=== Available records ===

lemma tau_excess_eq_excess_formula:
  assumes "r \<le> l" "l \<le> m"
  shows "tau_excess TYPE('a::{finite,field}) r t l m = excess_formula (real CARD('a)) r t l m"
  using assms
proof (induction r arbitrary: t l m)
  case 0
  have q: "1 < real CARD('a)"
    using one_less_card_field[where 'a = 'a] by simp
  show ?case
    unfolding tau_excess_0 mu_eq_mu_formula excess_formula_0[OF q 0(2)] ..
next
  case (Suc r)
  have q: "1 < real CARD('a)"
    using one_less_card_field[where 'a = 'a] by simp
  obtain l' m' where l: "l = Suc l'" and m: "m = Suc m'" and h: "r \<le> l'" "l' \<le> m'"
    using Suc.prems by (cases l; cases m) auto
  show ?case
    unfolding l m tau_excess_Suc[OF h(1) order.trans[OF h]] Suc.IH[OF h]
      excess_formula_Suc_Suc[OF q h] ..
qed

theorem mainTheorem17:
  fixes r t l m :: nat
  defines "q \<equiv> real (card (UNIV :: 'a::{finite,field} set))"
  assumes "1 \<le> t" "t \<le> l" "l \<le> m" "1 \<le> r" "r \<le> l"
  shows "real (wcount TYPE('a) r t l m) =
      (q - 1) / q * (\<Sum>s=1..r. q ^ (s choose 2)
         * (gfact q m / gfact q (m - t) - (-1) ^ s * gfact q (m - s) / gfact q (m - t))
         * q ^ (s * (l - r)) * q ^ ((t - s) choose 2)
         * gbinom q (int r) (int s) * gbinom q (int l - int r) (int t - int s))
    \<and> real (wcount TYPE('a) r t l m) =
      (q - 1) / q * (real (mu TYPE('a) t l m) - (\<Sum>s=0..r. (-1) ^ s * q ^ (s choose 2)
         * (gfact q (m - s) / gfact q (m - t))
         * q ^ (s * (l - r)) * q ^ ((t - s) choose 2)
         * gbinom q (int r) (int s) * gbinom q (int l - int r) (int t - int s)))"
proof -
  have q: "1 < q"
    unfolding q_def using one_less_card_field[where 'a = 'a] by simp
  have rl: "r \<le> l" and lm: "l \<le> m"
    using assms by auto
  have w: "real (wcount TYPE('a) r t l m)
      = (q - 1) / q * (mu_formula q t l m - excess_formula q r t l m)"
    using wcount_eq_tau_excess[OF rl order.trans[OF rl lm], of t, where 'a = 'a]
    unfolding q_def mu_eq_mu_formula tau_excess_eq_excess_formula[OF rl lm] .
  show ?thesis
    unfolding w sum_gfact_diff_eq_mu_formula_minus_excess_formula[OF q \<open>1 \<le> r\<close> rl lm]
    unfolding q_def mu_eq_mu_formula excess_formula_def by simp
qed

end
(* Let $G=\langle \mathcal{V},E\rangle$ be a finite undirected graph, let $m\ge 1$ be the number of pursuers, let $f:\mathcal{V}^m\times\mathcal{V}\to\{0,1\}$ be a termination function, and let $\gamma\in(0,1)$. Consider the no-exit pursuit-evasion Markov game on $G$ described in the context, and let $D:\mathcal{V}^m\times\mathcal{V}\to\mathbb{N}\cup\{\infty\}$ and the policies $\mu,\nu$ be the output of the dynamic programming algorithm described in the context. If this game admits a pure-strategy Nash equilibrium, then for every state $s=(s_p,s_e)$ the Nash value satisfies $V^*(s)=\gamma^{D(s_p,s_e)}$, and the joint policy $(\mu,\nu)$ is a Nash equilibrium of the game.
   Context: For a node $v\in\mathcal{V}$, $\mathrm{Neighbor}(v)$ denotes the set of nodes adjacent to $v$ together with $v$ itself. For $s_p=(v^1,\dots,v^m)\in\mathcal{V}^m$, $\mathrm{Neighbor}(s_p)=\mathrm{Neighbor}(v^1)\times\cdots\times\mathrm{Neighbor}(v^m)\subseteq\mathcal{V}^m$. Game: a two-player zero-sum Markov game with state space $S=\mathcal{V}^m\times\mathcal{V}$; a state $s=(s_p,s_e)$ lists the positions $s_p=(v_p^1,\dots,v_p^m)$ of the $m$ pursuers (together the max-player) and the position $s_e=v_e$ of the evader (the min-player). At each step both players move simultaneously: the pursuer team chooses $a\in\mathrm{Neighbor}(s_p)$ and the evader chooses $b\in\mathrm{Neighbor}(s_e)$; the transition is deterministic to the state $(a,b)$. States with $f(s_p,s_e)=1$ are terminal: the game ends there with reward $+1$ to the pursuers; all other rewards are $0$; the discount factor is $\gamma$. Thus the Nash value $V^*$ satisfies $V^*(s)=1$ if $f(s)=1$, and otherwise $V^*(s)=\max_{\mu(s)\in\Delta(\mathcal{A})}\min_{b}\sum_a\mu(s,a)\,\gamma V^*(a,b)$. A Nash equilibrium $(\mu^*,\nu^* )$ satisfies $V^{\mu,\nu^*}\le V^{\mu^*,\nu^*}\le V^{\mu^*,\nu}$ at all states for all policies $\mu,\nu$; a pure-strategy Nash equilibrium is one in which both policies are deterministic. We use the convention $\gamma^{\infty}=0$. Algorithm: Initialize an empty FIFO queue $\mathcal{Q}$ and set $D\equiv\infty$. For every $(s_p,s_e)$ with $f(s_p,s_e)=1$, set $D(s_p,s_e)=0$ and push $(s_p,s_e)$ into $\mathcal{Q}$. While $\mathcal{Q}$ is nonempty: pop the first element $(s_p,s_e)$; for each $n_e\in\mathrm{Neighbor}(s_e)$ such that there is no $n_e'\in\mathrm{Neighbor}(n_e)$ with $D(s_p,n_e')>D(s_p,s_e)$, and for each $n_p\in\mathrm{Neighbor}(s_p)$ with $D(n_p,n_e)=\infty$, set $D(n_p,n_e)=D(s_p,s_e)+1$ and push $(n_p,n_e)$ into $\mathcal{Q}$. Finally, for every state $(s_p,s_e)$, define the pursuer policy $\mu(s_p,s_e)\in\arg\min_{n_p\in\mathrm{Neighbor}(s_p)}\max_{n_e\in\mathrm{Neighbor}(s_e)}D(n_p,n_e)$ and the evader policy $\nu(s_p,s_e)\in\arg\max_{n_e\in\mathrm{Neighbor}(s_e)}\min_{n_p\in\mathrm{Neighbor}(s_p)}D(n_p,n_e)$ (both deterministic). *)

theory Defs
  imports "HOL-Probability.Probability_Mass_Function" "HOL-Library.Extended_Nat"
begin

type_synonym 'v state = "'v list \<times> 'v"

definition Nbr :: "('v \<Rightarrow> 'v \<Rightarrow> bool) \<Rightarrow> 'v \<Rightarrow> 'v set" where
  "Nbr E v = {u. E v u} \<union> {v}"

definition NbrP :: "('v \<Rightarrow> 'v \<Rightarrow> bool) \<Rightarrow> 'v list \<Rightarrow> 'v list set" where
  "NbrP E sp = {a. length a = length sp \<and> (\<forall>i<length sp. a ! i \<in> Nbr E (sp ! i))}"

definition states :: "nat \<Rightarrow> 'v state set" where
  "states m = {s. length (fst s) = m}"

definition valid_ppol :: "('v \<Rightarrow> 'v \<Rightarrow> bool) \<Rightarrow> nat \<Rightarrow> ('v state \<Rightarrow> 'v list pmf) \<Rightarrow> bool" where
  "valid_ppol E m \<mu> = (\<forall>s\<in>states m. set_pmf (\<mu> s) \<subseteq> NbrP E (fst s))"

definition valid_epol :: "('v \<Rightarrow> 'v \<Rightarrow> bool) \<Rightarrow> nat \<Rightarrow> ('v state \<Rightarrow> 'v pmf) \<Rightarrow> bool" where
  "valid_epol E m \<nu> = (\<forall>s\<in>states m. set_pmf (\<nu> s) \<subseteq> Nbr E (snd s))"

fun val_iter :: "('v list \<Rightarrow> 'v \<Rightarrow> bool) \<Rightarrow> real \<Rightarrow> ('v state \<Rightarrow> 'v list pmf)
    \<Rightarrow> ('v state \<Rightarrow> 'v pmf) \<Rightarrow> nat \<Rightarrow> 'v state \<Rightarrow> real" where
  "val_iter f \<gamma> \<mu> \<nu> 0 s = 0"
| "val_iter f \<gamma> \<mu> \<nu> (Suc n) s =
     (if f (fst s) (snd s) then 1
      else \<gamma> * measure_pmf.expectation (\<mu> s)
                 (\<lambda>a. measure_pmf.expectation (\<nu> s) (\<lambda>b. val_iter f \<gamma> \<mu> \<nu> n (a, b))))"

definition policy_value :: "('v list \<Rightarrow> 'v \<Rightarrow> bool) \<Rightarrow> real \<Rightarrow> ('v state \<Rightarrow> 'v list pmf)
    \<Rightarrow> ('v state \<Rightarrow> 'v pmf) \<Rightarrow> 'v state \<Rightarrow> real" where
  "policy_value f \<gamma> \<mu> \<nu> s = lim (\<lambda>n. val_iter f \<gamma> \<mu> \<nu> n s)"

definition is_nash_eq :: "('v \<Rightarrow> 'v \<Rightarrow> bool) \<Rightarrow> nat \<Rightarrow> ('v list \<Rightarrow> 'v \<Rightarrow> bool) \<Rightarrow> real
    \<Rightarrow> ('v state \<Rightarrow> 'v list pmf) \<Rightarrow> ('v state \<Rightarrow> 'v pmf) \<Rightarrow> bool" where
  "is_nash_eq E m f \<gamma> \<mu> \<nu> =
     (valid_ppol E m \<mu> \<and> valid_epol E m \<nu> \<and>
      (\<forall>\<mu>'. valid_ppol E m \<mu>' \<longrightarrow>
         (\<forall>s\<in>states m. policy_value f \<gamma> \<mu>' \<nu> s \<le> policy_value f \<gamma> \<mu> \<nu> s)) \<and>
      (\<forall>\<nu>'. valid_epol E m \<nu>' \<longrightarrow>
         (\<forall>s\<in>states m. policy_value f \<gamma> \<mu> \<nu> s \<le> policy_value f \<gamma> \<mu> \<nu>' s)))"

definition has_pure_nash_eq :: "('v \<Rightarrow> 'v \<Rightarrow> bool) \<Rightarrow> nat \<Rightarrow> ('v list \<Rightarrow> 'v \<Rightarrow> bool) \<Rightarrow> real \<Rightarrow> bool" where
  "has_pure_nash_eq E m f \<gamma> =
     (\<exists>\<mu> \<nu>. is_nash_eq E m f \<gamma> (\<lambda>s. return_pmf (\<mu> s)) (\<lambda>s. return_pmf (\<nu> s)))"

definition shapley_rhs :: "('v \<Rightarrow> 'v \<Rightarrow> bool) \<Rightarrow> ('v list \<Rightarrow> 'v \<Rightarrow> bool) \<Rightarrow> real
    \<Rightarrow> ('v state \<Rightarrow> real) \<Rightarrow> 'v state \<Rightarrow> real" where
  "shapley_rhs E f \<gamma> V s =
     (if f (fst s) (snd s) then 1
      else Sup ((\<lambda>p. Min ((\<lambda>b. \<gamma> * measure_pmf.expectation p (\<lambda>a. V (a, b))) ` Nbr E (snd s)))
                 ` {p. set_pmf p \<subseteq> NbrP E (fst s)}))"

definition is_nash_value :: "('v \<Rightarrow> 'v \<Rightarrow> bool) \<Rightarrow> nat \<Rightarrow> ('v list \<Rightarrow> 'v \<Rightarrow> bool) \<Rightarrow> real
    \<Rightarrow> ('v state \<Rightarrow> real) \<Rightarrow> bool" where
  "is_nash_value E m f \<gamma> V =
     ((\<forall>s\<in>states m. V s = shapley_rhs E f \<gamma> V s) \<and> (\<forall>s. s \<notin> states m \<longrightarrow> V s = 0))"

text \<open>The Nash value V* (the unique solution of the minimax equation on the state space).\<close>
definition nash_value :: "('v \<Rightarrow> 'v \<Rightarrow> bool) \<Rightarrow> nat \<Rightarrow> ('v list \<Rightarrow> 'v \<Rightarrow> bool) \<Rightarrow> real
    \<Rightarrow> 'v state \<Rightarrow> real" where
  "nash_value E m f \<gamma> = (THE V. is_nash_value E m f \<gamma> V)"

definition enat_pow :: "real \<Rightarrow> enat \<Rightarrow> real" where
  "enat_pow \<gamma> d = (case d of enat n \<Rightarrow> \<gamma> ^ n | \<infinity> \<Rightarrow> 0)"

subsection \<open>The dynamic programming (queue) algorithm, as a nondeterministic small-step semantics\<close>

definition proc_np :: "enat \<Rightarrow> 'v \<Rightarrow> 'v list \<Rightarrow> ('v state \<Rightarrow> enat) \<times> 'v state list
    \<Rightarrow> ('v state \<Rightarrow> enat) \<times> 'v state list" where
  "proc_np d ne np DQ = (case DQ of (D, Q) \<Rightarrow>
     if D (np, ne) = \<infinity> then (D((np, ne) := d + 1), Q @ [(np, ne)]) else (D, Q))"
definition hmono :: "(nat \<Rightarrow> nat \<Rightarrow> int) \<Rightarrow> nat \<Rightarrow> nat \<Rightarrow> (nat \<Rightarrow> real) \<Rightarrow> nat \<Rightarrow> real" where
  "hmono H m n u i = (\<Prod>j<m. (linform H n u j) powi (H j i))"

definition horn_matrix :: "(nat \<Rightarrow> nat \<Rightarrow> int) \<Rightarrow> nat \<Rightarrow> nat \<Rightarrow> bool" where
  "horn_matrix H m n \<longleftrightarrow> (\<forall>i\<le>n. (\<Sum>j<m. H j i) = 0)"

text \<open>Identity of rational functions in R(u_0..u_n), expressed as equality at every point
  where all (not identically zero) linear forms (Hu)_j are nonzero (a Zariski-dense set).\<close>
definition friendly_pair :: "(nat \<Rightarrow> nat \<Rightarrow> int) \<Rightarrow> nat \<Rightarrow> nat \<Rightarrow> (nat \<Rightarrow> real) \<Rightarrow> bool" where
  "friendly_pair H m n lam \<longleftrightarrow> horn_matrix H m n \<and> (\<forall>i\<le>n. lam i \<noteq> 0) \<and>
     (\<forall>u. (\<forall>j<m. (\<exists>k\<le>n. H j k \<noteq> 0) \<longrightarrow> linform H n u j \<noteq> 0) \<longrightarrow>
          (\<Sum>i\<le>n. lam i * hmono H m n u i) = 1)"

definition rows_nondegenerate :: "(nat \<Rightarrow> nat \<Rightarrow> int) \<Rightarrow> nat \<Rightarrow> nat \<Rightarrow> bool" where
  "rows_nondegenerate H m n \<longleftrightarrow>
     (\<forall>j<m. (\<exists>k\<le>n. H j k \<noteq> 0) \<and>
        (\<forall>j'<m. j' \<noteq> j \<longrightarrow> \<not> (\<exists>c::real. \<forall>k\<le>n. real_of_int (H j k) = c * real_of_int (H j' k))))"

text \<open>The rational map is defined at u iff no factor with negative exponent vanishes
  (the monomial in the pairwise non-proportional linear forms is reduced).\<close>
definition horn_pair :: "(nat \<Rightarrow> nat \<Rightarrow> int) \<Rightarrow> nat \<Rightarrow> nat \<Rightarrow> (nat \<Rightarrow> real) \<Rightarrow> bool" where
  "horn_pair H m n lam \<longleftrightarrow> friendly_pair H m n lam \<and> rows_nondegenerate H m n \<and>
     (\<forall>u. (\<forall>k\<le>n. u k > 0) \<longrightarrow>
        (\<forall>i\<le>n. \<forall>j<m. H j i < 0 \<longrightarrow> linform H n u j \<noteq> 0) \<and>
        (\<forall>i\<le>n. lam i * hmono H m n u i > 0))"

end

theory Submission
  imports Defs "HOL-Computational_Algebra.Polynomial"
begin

===

-- Required action --
Going through the records above line by line, count those that hold the word "assumes", and answer with the number only.

-- Task solution --
2